Der russische Angriffskrieg gegen die Ukraine hat Deutschland aufgerüttelt und dazu veranlasst, seine Verteidigungspolitik drastisch anzupassen. Nach jahrzehntelangem Stillstand füllt die Bundeswehr nun Lücken bei grundlegenden militärischen Fähigkeiten. Zudem setzt sich in der deutschen Politik zunehmend die Erkenntnis durch, dass eine stärkere Integration intelligenter Systeme, die organisatorische Ausrichtung an Hightech-Kriegsführung und die Verschmelzung von Cyber- und ­physischem ­Raum für die künftige Leistungsfähigkeit des deutschen Militärs von entscheidender Bedeutung sind.

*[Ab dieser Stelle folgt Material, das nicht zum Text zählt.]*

lemma hplus_ge: "0 \<le> t \<Longrightarrow> 3/2 \<le> hplus t"
  unfolding hplus_def by (simp add: real_le_rsqrt)

lemma potential_nonneg:
  assumes "0 \<le> t" shows "0 \<le> potential t x"
proof -
  have "1 + 3 * x^4 - 4 * x^3 = (x - 1)^2 * (2 * x^2 + (x + 1)^2)"
    by (simp add: algebra_simps eval_nat_numeral)
  then have "0 \<le> 1 + 3 * x^4 - 4 * x^3" by simp
  then show ?thesis unfolding potential_def using assms hplus_ge[OF assms] by simp
qed

lemma potential_one [simp]: "potential t 1 = 0"
  unfolding potential_def by simp

lemma potential_uminus: "potential t (- x) = potential t x + hplus t * x^3"
  unfolding potential_def by (simp add: algebra_simps)

lemma potential_strict_antimono:
  assumes "0 \<le> t" "0 \<le> y" "y < x" "x \<le> 1"
  shows "potential t x < potential t y"
proof -
  have "(1 - x^2)^2 \<le> (1 - y^2)^2"
    using assms by (intro power_mono) (auto simp: power_le_one power_mono)
  moreover have "x^3 * (3 * x - 4) < y^3 * (3 * y - 4)"
  proof -
    define Q where "Q = 3 * (x*x*x + x*x*y + x*y*y + y*y*y) - 4 * (x*x + x*y + y*y)"
    have "x*x*x + x*x*y + x*y*y + y*y*y \<le> x*x + x*y + 2*y*y"
      using assms by (smt (verit) mult.commute mult_left_le_one_le mult_mono' ring_class.ring_distribs(1))
    moreover have "0 < (x - y) * (x + 2 * y)"
      using assms by simp
    ultimately have "Q < 0"
      unfolding Q_def by (simp add: algebra_simps)
    moreover have "x^3 * (3 * x - 4) - y^3 * (3 * y - 4) = (x - y) * Q"
      unfolding Q_def by (simp add: algebra_simps eval_nat_numeral)
    moreover have "(x - y) * Q < 0"
      using \<open>Q < 0\<close> assms by (simp add: mult_pos_neg)
    ultimately show ?thesis by linarith
  qed
  moreover have "potential t x - potential t y =
      t / 8 * ((1 - x^2)^2 - (1 - y^2)^2) + hplus t / 8 * (x^3 * (3 * x - 4) - y^3 * (3 * y - 4))"
    unfolding potential_def by (simp add: algebra_simps eval_nat_numeral)
  moreover have "t / 8 * ((1 - x^2)^2 - (1 - y^2)^2) \<le> 0"
    using \<open>(1 - x^2)^2 \<le> (1 - y^2)^2\<close> assms(1) by (simp add: mult_nonneg_nonpos)
  moreover have "hplus t / 8 * (x^3 * (3 * x - 4) - y^3 * (3 * y - 4)) < 0"
    using \<open>x^3 * (3 * x - 4) < y^3 * (3 * y - 4)\<close> hplus_ge[OF assms(1)] by (simp add: mult_pos_neg)
  ultimately show ?thesis by linarith
qed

Dennoch verharrt der deutsche politische Diskurs noch in einem konzeptionellen, institutionellen und ethischen Silodenken, das wenig Innovation zulässt und zu Entkopplungen zwischen dem Verteidigungs- und Technologiesektor ebenso wie zu Diskrepanzen zwischen Deutschland und seinen Verbündeten führt. Für die Modernisierung der deutschen Streitkräfte ist es von zentraler Bedeutung, dass ethische Bedenken mit (zukünftigen) Einsatzrealitäten abgeglichen werden und politische Entscheidungen der engen Verknüpfung zwischen Entwicklung und Nutzung militärischer und ziviler Technologien Rechnung tragen.

Status quo

Aufkommende und disruptive Technologien (Emerging and Disruptive Technologies, EDTs) wie künstliche Intelligenz, 5G/6G-Mobilfunktechnologie, Low Earth Orbit (LEO) Satelliten-Konnektivität sowie Quantencomputing und -kommunikation werden das Umfeld für Bundeswehr-Operationen nachhaltig verändern. Die Bundeswehr sieht die stärkere Integration von maschineller Intelligenz in militärische Operationen, insbesondere durch den massenhaften Einsatz unbemannter Systeme, als eine der zentralen Herausforderungen in diesem Jahrzehnt an. Hochautomatisierte unbemannte Luftfahrtsysteme (Unmanned Aerial System, UAS) spielten in den jüngsten Konflikten wie dem Krieg um Bergkarabach eine wichtige Rolle. Auch im Bereich der strategischen Planung und Vorausschau werden EDTs unverzichtbar, wo etwa KI-Algorithmen Erkenntnisse aus den von immer mehr Sensoren erzeugten Datenmengen gewinnen. Das Weltraumkommando der Bundeswehr setzt zum Beispiel bereits zwei Machine-Learning-Anwendungen bei der Erstellung von Lagebildern ein.

 

In diesem sich wandelnden Umfeld hängt die Fähigkeit der Bundeswehr, die Möglichkeiten von EDTs bei künftigen Einsätzen auszuschöp­fen, ­entscheidend von der engen Kooperation mit Verbündeten Deutschlands in der EU und der NATO ab, und damit auch von der fortlaufenden Investition von politischem Kapital in gemeinsame Initiativen. Deutschlands derzeitige Bemühungen, EDTs zu nutzen, sind eng verbunden mit gemeinsamen europäischen Verteidigungsprojekten für zukünftige Kampfsysteme, darunter das Future Combat Air System (FCAS) mit Frankreich und Spanien und das Main Ground Combat System (MGCS) mit Frankreich. Beide Systeme werden voraussichtlich erst in den 2040er Jahren einsatzbereit sein, der Bundeswehr aber erweiterte Funktionen zur Verfügung stellen, zum Beispiel die tiefgreifende Integration in eine gemeinsame Combat Cloud und intelligente Mensch-Maschine-Kooperation.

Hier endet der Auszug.